[Collected data entries]
========================================

section \<open>Optimal codebooks for \<open>P\<close>\<close>

text \<open>\<open>1/2\<close> and \<open>5/6\<close> are the midpoints of the gaps \<open>(1/3, 2/3)\<close> and \<open>(7/9, 8/9)\<close>.\<close>

definition near_J1 :: "real set \<Rightarrow> real set" where "near_J1 B = {t \<in> B. t < 1/2}"
definition near_J2 :: "real set \<Rightarrow> real set" where "near_J2 B = {t \<in> B. 1/2 \<le> t \<and> t \<le> 5/6}"
definition near_J3 :: "real set \<Rightarrow> real set" where "near_J3 B = {t \<in> B. 5/6 < t}"

lemmas near_J_defs = near_J1_def near_J2_def near_J3_def

lemma near_J_cases: "u \<in> B \<Longrightarrow> u \<in> near_J1 B \<or> u \<in> near_J2 B \<or> u \<in> near_J3 B"
  unfolding near_J_defs by auto

lemma card_near_J:
  assumes "finite B"
  shows "card B = card (near_J1 B) + card (near_J2 B) + card (near_J3 B)"
proof -
  have "B = (near_J1 B \<union> near_J2 B) \<union> near_J3 B" unfolding near_J_defs by auto
  moreover have "card (near_J1 B \<union> near_J2 B) = card (near_J1 B) + card (near_J2 B)"
    using assms by (intro card_Un_disjoint) (auto simp: near_J_defs)
  moreover have "card ((near_J1 B \<union> near_J2 B) \<union> near_J3 B) = card (near_J1 B \<union> near_J2 B) + card (near_J3 B)"
    using assms by (intro card_Un_disjoint) (auto simp: near_J_defs)
  ultimately show ?thesis by simp
qed

definition err_formula :: "nat \<Rightarrow> nat \<Rightarrow> nat \<Rightarrow> real" where
  "err_formula m1 m2 m3 = 1/216 * (1 / (real m1)\<^sup>2) + 1/3888 * (1 / (real m2)\<^sup>2 + 1 / (real m3)\<^sup>2)"

lemma weighted_isolated_lower_bound:
  assumes "finite B" "N \<subseteq> B" "N \<noteq> {}" "a < b" "0 < r" "b - a \<le> 2 * r"
    and "\<forall>t\<in>B - N. t \<le> a - r \<or> b + r \<le> t"
    and "\<forall>s\<in>N. \<forall>t\<in>B - N. (t \<le> a - r \<longrightarrow> t < s) \<and> (b + r \<le> t \<longrightarrow> s < t)"
    and "0 < c" "w = c * (b - a)^3 / 12"
  shows "w * (1 / (real (card N))\<^sup>2) \<le> c * interval_err a b B"
    and "\<exists>s\<in>N. s \<notin> {a..b} \<Longrightarrow> w * (1 / (real (card N))\<^sup>2) < c * interval_err a b B"
proof -
  have w: "w * (1 / (real (card N))\<^sup>2) = c * ((b - a)^3 / (12 * (real (card N))\<^sup>2))"
    by (simp add: assms(10))
  show "w * (1 / (real (card N))\<^sup>2) \<le> c * interval_err a b B"
    unfolding w using interval_err_isolated_lower_bound(1)[OF assms(1-8)] assms(9)
    by (intro mult_left_mono) auto
  assume "\<exists>s\<in>N. s \<notin> {a..b}"
  then obtain s where "s \<in> N" "s < a \<or> b < s" by auto
  then show "w * (1 / (real (card N))\<^sup>2) < c * interval_err a b B"
    unfolding w using interval_err_isolated_lower_bound(2)[OF assms(1-8)] assms(9)
    by (intro mult_strict_left_mono) auto
qed
lemma maximising_sequence_Cauchy:
  fixes f :: "'a::real_inner \<Rightarrow> real"
  assumes f: "bounded_linear f" and M: "0 < M" "\<And>x. f x \<le> M * norm x"
    and xs: "\<And>n. norm (xs n) \<le> 1" "\<And>n. M - d n \<le> f (xs n)" and "d \<longlonglongrightarrow> 0"
  shows "Cauchy xs"
proof (rule CauchyI)
  fix e :: real assume "0 < e"
  then have "\<forall>\<^sub>F n in sequentially. d n < M * e\<^sup>2 / 8"
    using \<open>d \<longlonglongrightarrow> 0\<close> M(1) by (intro order_tendstoD) auto
  then obtain N where N: "\<And>n. N \<le> n \<Longrightarrow> d n < M * e\<^sup>2 / 8"
    unfolding eventually_sequentially by blast
  have "norm (xs m - xs n) < e" if "N \<le> m" "N \<le> n" for m n
  proof -
    have "(norm (xs m - xs n))\<^sup>2 \<le> 4 * (d m + d n) / M"
      using xs(1)[of m] xs(2)[of m] xs(1)[of n] xs(2)[of n] by (rule near_maximisers_close[OF f M])
    also have "\<dots> < e\<^sup>2"
      using N[OF that(1)] N[OF that(2)] M(1) by (simp add: field_simps)
    finally show ?thesis
      using \<open>0 < e\<close> by (simp add: power_less_imp_less_base)
  qed
  then show "\<exists>N. \<forall>m\<ge>N. \<forall>n\<ge>N. norm (xs m - xs n) < e" by blast
qed

lemma bounded_linear_functional_attains_sup:
  fixes f :: "'a::{real_inner,complete_space} \<Rightarrow> real"
  assumes f: "bounded_linear f"
  obtains x where "norm x \<le> 1" "\<And>y. f y \<le> f x * norm y"
proof -
  obtain M where M: "0 \<le> M" "\<And>y. f y \<le> M * norm y"
    and approx: "\<And>e. 0 < e \<Longrightarrow> \<exists>x. norm x \<le> 1 \<and> M - e < f x"
    using bounded_linear_functional_sup_unit_ball[OF f] by blast
  show thesis
  proof (cases "M = 0")
    case True
    then show thesis using M(2) that[of 0] by (simp add: linear_simps[OF f])
  next
    case False
    with M(1) have "0 < M" by simp
    define d :: "nat \<Rightarrow> real" where "d n = 1 / Suc n" for n
    have "d \<longlonglongrightarrow> 0" unfolding d_def by (rule LIMSEQ_Suc[OF lim_inverse_n'])
    have "\<forall>n. \<exists>x. norm x \<le> 1 \<and> M - d n < f x"
      using approx by (simp add: d_def)
    then obtain xs where xs: "\<And>n. norm (xs n) \<le> 1" "\<And>n. M - d n \<le> f (xs n)"
      by (metis less_imp_le)
    have "Cauchy xs"
      using f \<open>0 < M\<close> M(2) xs \<open>d \<longlonglongrightarrow> 0\<close> by (rule maximising_sequence_Cauchy)
    then obtain x where lim: "xs \<longlonglongrightarrow> x"
      using Cauchy_convergent convergent_def by blast
    have "norm x \<le> 1"
      using tendsto_norm[OF lim] xs(1) by (auto intro: LIMSEQ_le_const2)
    moreover have "M \<le> f x"
    proof (rule LIMSEQ_le)
      show "(\<lambda>n. M - d n) \<longlonglongrightarrow> M"
        using tendsto_diff[OF tendsto_const \<open>d \<longlonglongrightarrow> 0\<close>] by simp
      show "(\<lambda>n. f (xs n)) \<longlonglongrightarrow> f x"
        using bounded_linear.tendsto[OF f lim] .
    qed (use xs(2) in blast)
    moreover have "f x \<le> M"
      using M(2)[of x] mult_left_le[OF \<open>norm x \<le> 1\<close> M(1)] by linarith
    ultimately show thesis
      using M(2) that by simp
  qed
qed

text \<open>Moving the maximiser orthogonally raises its norm only to second order.\<close>

lemma maximiser_orthogonal_perturbation:
  fixes f :: "'a::real_inner \<Rightarrow> real"
  assumes f: "bounded_linear f" and x: "norm x \<le> 1" "\<And>y. f y \<le> f x * norm y" "0 \<le> f x"
    and "inner x v = 0" "0 < t"
  shows "2 * f v \<le> t * (f x * (norm v)\<^sup>2)"
proof -
  interpret f: bounded_linear f by (fact f)
  let ?w = "x + t *\<^sub>R v"
  have "orthogonal x (t *\<^sub>R v)"
    using \<open>inner x v = 0\<close> by (simp add: orthogonal_def)
  then have "(norm ?w)\<^sup>2 \<le> 1 + t\<^sup>2 * (norm v)\<^sup>2"
    using power_le_one[OF norm_ge_zero x(1), of 2]
    by (simp add: norm_add_Pythagorean power_mult_distrib)
  moreover have "2 * norm ?w \<le> 1 + (norm ?w)\<^sup>2"
    using zero_le_power2[of "norm ?w - 1"] by (simp add: power2_diff)
  ultimately have "f x * (2 * norm ?w) \<le> f x * (2 + t\<^sup>2 * (norm v)\<^sup>2)"
    using x(3) by (intro mult_left_mono) auto
  then have "2 * f ?w \<le> f x * (2 + t\<^sup>2 * (norm v)\<^sup>2)"
    using x(2)[of ?w] by linarith
  then have "t * (2 * f v) \<le> t * (t * (f x * (norm v)\<^sup>2))"
    by (simp add: f.add f.scaleR algebra_simps power2_eq_square)
  then show ?thesis
    using \<open>0 < t\<close> by simp
qed

lemma functional_zero_orthogonal_to_maximiser:
  fixes f :: "'a::real_inner \<Rightarrow> real"
  assumes f: "bounded_linear f" and x: "norm x \<le> 1" "\<And>y. f y \<le> f x * norm y"
    and "inner x u = 0"
  shows "f u = 0"
proof -
  have "f v \<le> 0" if v: "inner x v = 0" for v
  proof (cases "f x \<le> 0")
    case True
    then show ?thesis using x(2)[of v] mult_nonpos_nonneg[of "f x" "norm v"] by simp
  next
    case False
    then have "0 \<le> f x" by simp
    define C where "C = f x * (norm v)\<^sup>2"
    have "0 \<le> C" using \<open>0 \<le> f x\<close> by (simp add: C_def)
    have "2 * f v \<le> 0"
    proof (rule field_le_epsilon)
      fix e :: real assume "0 < e"
      have "0 < e / (C + 1)"
        using \<open>0 < e\<close> \<open>0 \<le> C\<close> by simp
      from maximiser_orthogonal_perturbation[OF f x \<open>0 \<le> f x\<close> v this]
      have "2 * f v \<le> e / (C + 1) * C"
        by (simp add: C_def)
      also have "\<dots> \<le> e"
        using \<open>0 < e\<close> \<open>0 \<le> C\<close> by (simp add: field_simps)
      finally show "2 * f v \<le> 0 + e" by simp
    qed
    then show ?thesis by simp
  qed
  from this[of u] this[of "- u"] \<open>inner x u = 0\<close> show ?thesis
    by (simp add: linear_simps[OF f])
qed

lemma riesz_representation:
  fixes f :: "'a::{real_inner,complete_space} \<Rightarrow> real"
  assumes f: "bounded_linear f"
  obtains r where "\<And>v. f v = inner r v"
proof -
  interpret f: bounded_linear f by (fact f)
  obtain x where x: "norm x \<le> 1" "\<And>y. f y \<le> f x * norm y"
    using bounded_linear_functional_attains_sup[OF f] by blast
  have "f v = inner ((f x / inner x x) *\<^sub>R x) v" for v
  proof -
    define u where "u = v - (inner x v / inner x x) *\<^sub>R x"
    have "inner x u = 0"
      by (cases "x = 0") (simp_all add: u_def inner_diff_right)
    then have "f u = 0"
      by (rule functional_zero_orthogonal_to_maximiser[OF f x])
    then show ?thesis
      by (cases "x = 0") (simp_all add: u_def f.diff f.scaleR f.zero inner_commute)
  qed
  then show thesis by (rule that)
qed

lemma adjoint_surjective:
  fixes B :: "'y::real_normed_vector \<Rightarrow> ('x::{real_inner,complete_space} \<Rightarrow>\<^sub>L real)"
  assumes B: "bij B" "bounded_linear (inv B)" and g: "bounded_linear g"
  obtains x where "\<And>y. blinfun_apply (B y) x = g y"
proof -
  have "bounded_linear (\<lambda>z. g (inv B (blinfun_inner_left z)))"
    by (rule bounded_linear_compose[OF g bounded_linear_compose[OF B(2)]])
      (rule bounded_linear_blinfun_inner_left)
  then obtain x where x: "\<And>z. g (inv B (blinfun_inner_left z)) = inner x z"
    using riesz_representation by blast
  have "blinfun_apply (B y) x = g y" for y
  proof -
    obtain z where z: "\<And>v. blinfun_apply (B y) v = inner z v"
      using riesz_representation[OF blinfun.bounded_linear_right] by blast
    have "B y = blinfun_inner_left z"
      by (rule blinfun_eqI) (simp add: z inner_commute)
    have "g y = g (inv B (B y))"
      using bij_is_inj[OF B(1)] by simp
    also have "\<dots> = inner x z"
      using x[of z] \<open>B y = blinfun_inner_left z\<close> by simp
    finally have "g y = inner x z" .
    then show ?thesis
      by (simp add: z inner_commute)
  qed
  then show thesis by (rule that)
qed

section \<open>Inf-sup stability and duality\<close>

lemma fd_subspace_dim_eq_0:
  assumes "fd_subspace S"
  shows "dim S = 0 \<longleftrightarrow> S \<subseteq> {0}"
proof
  assume "dim S = 0"
  obtain A where "finite A" "S = span A"
    using assms unfolding fd_subspace_def by blast
  moreover obtain C where "C \<subseteq> S" "independent C" "S \<subseteq> span C" "card C = dim S"
    using basis_exists by blast
  ultimately have "finite C"
    using independent_span_bound by (metis span_superset subset_trans)
  with \<open>card C = dim S\<close> \<open>dim S = 0\<close> \<open>S \<subseteq> span C\<close> show "S \<subseteq> {0}"
    by simp
next
  assume "S \<subseteq> {0}"
  then show "dim S = 0"
    using dim_le_card[of S "{}"] by simp
qed

lemma inf_sup_norm_le:
  fixes U :: "('x::real_normed_vector \<Rightarrow>\<^sub>L real) set" and v :: "'x \<Rightarrow>\<^sub>L real"
  assumes "fd_subspace U" "dim U = dim X" "0 < cS"
    and inf_sup: "\<And>u. u \<in> U \<Longrightarrow> u \<noteq> 0 \<Longrightarrow> cS * norm u \<le> (SUP x\<in>X - {0}. blinfun_apply u x / norm x)"
    and "u \<in> U" "\<And>x. x \<in> X \<Longrightarrow> blinfun_apply u x = blinfun_apply v x"
  shows "norm u \<le> norm v / cS"
proof (cases "u = 0")
  case False
  with \<open>u \<in> U\<close> have "\<not> U \<subseteq> {0}" by blast
  \<comment> \<open>\<open>dim U = dim X\<close> keeps the supremum from ranging over the empty set\<close>
  then have "\<not> X \<subseteq> {0}"
    using assms(1,2) fd_subspace_dim_eq_0 dim_le_card[of X "{}"] by fastforce
  then have "X - {0} \<noteq> {}" by blast
  have "cS * norm u \<le> (SUP x\<in>X - {0}. blinfun_apply u x / norm x)"
    using inf_sup \<open>u \<in> U\<close> False by blast
  also have "\<dots> \<le> norm v"
  proof (rule cSUP_least[OF \<open>X - {0} \<noteq> {}\<close>])
    fix x assume "x \<in> X - {0}"
    then have "u x \<le> norm v * norm x"
      using assms(6) norm_blinfun[of v x] by auto
    with \<open>x \<in> X - {0}\<close> show "u x / norm x \<le> norm v"
      by (simp add: divide_le_eq)
  qed
  finally show ?thesis
    using \<open>0 < cS\<close> by (simp add: field_simps)
qed (use \<open>0 < cS\<close> in simp)

lemma duality_estimate:
  fixes B :: "'y::real_normed_vector \<Rightarrow> ('x::{real_inner,complete_space} \<Rightarrow>\<^sub>L real)"
    and J :: "'y \<Rightarrow> 'h::real_inner" and Pi :: "'x \<Rightarrow> 'x"
  assumes B: "bij B" "bounded_linear (inv B)" and J: "bounded_linear J"
    and approx: "\<And>x. Pi x \<in> X" "0 \<le> C"
      "\<And>x w. (\<forall>y. blinfun_apply (B y) x = inner w (J y)) \<Longrightarrow> norm (x - Pi x) \<le> C * norm w"
    and orth: "\<And>x. x \<in> X \<Longrightarrow> blinfun_apply (B e) x = 0"
  shows "norm (J e) \<le> C * norm (B e)"
proof -
  obtain x where x: "\<And>y. blinfun_apply (B y) x = inner (J e) (J y)"
    using adjoint_surjective[OF B bounded_linear_compose[OF bounded_linear_inner_right J]] by blast
  have "norm (J e) * norm (J e) = blinfun_apply (B e) (x - Pi x)"
    using x[of e] orth[OF approx(1)]
    by (simp add: blinfun.diff_right power2_norm_eq_inner[symmetric] power2_eq_square)
  also have "\<dots> \<le> norm (B e) * norm (x - Pi x)"
    using norm_blinfun[of "B e" "x - Pi x"] by (simp add: abs_le_D1)
  also have "\<dots> \<le> norm (B e) * (C * norm (J e))"
    using approx(3)[OF allI[OF x]] by (simp add: mult_left_mono)
  finally have "norm (J e) * norm (J e) \<le> C * norm (B e) * norm (J e)"
    by (simp add: algebra_simps)
  then show ?thesis
    using approx(2) by (cases "J e = 0") (auto simp: mult_le_cancel_right)
qed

========================================

* **Task brief**
Your answer should consist only of the lines above between the line holding "using bounded_linear.tendsto[OF f" and the line holding "define C where", inclusive, each transcribed exactly.

* **Exercise result**
        using bounded_linear.tendsto[OF f lim] .
    qed (use xs(2) in blast)
    moreover have "f x \<le> M"
      using M(2)[of x] mult_left_le[OF \<open>norm x \<le> 1\<close> M(1)] by linarith
    ultimately show thesis
      using M(2) that by simp
  qed
qed

text \<open>Moving the maximiser orthogonally raises its norm only to second order.\<close>

lemma maximiser_orthogonal_perturbation:
  fixes f :: "'a::real_inner \<Rightarrow> real"
  assumes f: "bounded_linear f" and x: "norm x \<le> 1" "\<And>y. f y \<le> f x * norm y" "0 \<le> f x"
    and "inner x v = 0" "0 < t"
  shows "2 * f v \<le> t * (f x * (norm v)\<^sup>2)"
proof -
  interpret f: bounded_linear f by (fact f)
  let ?w = "x + t *\<^sub>R v"
  have "orthogonal x (t *\<^sub>R v)"
    using \<open>inner x v = 0\<close> by (simp add: orthogonal_def)
  then have "(norm ?w)\<^sup>2 \<le> 1 + t\<^sup>2 * (norm v)\<^sup>2"
    using power_le_one[OF norm_ge_zero x(1), of 2]
    by (simp add: norm_add_Pythagorean power_mult_distrib)
  moreover have "2 * norm ?w \<le> 1 + (norm ?w)\<^sup>2"
    using zero_le_power2[of "norm ?w - 1"] by (simp add: power2_diff)
  ultimately have "f x * (2 * norm ?w) \<le> f x * (2 + t\<^sup>2 * (norm v)\<^sup>2)"
    using x(3) by (intro mult_left_mono) auto
  then have "2 * f ?w \<le> f x * (2 + t\<^sup>2 * (norm v)\<^sup>2)"
    using x(2)[of ?w] by linarith
  then have "t * (2 * f v) \<le> t * (t * (f x * (norm v)\<^sup>2))"
    by (simp add: f.add f.scaleR algebra_simps power2_eq_square)
  then show ?thesis
    using \<open>0 < t\<close> by simp
qed

lemma functional_zero_orthogonal_to_maximiser:
  fixes f :: "'a::real_inner \<Rightarrow> real"
  assumes f: "bounded_linear f" and x: "norm x \<le> 1" "\<And>y. f y \<le> f x * norm y"
    and "inner x u = 0"
  shows "f u = 0"
proof -
  have "f v \<le> 0" if v: "inner x v = 0" for v
  proof (cases "f x \<le> 0")
    case True
    then show ?thesis using x(2)[of v] mult_nonpos_nonneg[of "f x" "norm v"] by simp
  next
    case False
    then have "0 \<le> f x" by simp
    define C where "C = f x * (norm v)\<^sup>2"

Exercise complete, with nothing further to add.